_Goal of the exercise_
Stop after the line with "(K - r b) / (r b"; until then, please copy every line of the records word for word from the first.

_The input_
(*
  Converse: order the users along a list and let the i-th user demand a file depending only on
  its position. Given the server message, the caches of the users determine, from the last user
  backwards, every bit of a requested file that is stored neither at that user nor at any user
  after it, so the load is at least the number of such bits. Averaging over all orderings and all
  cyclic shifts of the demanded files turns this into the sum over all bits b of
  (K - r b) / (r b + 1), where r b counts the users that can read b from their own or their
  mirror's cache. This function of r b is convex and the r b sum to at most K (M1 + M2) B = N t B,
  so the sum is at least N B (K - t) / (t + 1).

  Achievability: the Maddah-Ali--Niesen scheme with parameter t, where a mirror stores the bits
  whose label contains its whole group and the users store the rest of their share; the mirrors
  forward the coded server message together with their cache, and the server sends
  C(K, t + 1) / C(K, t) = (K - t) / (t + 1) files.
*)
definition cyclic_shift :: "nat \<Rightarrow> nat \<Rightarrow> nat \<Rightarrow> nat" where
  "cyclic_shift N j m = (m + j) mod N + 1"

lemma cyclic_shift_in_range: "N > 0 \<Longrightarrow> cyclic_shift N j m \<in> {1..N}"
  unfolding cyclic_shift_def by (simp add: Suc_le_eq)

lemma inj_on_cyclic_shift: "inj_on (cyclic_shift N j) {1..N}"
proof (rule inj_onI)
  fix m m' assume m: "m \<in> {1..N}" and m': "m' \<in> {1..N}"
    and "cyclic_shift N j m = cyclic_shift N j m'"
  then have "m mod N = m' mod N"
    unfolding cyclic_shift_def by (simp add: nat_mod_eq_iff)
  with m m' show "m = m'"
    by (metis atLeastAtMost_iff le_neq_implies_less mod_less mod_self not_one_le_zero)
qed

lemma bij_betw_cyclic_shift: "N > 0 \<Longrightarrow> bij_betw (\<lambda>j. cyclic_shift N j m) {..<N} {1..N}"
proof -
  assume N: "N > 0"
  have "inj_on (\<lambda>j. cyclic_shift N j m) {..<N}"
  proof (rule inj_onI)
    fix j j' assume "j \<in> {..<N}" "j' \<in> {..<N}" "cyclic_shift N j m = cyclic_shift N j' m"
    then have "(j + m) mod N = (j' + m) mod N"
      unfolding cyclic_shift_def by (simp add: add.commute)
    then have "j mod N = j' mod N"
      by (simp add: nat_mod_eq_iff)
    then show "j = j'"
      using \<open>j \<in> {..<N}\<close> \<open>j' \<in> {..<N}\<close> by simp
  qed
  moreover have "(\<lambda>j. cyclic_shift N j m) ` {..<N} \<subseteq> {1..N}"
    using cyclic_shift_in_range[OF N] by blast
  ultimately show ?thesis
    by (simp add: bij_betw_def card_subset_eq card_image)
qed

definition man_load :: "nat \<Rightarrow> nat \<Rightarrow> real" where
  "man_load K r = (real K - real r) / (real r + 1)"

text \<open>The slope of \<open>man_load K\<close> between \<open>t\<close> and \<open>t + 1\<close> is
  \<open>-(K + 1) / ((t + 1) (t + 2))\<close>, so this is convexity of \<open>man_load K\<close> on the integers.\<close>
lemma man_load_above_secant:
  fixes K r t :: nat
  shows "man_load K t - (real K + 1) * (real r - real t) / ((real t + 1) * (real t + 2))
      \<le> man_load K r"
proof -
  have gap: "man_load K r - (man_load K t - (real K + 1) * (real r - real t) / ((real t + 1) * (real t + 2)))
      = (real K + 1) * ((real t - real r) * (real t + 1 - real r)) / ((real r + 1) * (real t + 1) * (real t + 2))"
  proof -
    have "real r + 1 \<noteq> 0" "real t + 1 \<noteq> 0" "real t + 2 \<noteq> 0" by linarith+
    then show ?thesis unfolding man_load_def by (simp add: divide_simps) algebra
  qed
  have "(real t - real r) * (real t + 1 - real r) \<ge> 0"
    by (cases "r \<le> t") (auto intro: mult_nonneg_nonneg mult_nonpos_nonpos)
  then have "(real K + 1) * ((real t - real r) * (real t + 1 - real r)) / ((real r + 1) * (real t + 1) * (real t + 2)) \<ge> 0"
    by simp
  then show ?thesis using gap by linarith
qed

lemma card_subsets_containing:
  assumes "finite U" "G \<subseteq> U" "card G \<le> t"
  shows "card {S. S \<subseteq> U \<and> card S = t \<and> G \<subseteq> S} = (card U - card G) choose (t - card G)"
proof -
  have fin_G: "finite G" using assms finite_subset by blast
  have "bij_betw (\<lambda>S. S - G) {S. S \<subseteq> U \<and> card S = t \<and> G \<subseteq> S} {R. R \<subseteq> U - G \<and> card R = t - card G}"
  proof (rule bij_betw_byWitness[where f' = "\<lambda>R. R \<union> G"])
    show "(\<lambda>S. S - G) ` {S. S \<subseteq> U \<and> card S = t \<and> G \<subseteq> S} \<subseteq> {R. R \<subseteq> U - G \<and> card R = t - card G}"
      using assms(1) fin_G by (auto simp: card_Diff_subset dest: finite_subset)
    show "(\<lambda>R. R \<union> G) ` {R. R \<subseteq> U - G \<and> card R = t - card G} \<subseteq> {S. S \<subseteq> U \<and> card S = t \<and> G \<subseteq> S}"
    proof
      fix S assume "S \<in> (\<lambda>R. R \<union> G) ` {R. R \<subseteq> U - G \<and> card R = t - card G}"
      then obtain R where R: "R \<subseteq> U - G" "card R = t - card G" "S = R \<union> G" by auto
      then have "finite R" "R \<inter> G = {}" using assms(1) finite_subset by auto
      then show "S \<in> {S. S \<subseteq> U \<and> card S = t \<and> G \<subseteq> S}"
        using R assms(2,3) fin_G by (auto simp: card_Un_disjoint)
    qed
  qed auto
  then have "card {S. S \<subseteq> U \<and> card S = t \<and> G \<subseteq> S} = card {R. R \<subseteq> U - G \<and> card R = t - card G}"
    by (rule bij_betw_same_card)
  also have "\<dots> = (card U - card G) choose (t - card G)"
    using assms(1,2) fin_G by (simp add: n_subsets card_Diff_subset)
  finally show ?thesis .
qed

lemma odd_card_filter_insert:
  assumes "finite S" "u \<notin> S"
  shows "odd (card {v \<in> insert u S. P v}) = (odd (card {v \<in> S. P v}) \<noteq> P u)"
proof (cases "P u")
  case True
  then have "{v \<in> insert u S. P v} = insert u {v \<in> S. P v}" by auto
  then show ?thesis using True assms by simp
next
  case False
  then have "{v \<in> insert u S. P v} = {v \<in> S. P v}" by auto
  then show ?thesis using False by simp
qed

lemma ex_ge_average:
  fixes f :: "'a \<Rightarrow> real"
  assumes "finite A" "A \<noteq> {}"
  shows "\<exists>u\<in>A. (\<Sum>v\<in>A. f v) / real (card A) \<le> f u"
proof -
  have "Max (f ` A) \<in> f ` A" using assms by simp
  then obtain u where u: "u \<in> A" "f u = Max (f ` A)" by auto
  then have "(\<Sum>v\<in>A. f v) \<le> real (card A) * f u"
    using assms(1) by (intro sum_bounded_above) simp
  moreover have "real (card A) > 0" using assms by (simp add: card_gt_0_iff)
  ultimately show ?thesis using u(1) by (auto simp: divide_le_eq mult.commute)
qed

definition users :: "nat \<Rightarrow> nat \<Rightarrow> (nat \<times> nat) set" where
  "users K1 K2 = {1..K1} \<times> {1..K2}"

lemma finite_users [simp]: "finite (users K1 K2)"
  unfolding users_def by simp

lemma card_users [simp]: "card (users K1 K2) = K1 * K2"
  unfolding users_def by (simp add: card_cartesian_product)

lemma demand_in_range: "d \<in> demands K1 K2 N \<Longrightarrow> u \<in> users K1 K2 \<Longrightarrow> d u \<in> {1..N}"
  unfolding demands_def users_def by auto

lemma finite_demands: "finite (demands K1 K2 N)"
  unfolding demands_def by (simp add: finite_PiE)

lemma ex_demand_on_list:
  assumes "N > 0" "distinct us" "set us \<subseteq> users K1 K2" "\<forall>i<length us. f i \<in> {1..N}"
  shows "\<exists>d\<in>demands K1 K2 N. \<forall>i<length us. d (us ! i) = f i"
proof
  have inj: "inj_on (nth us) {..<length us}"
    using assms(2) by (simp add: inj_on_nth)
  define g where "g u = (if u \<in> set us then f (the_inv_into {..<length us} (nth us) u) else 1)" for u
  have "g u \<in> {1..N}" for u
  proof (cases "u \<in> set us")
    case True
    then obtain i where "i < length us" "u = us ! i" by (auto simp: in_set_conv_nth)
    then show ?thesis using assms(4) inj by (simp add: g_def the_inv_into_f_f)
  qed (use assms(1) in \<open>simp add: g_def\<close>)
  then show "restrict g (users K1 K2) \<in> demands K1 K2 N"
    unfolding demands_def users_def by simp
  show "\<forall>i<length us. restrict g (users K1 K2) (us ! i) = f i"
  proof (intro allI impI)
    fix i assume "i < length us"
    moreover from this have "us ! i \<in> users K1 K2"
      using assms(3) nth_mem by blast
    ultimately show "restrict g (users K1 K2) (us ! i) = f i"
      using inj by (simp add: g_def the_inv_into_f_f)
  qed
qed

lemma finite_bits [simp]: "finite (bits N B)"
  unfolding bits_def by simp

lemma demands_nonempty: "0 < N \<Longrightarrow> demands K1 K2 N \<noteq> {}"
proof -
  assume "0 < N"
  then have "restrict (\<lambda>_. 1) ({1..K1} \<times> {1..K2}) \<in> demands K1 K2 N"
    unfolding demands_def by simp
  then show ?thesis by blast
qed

_Task solution_
(*
  Converse: order the users along a list and let the i-th user demand a file depending only on
  its position. Given the server message, the caches of the users determine, from the last user
  backwards, every bit of a requested file that is stored neither at that user nor at any user
  after it, so the load is at least the number of such bits. Averaging over all orderings and all
  cyclic shifts of the demanded files turns this into the sum over all bits b of
  (K - r b) / (r b + 1), where r b counts the users that can read b from their own or their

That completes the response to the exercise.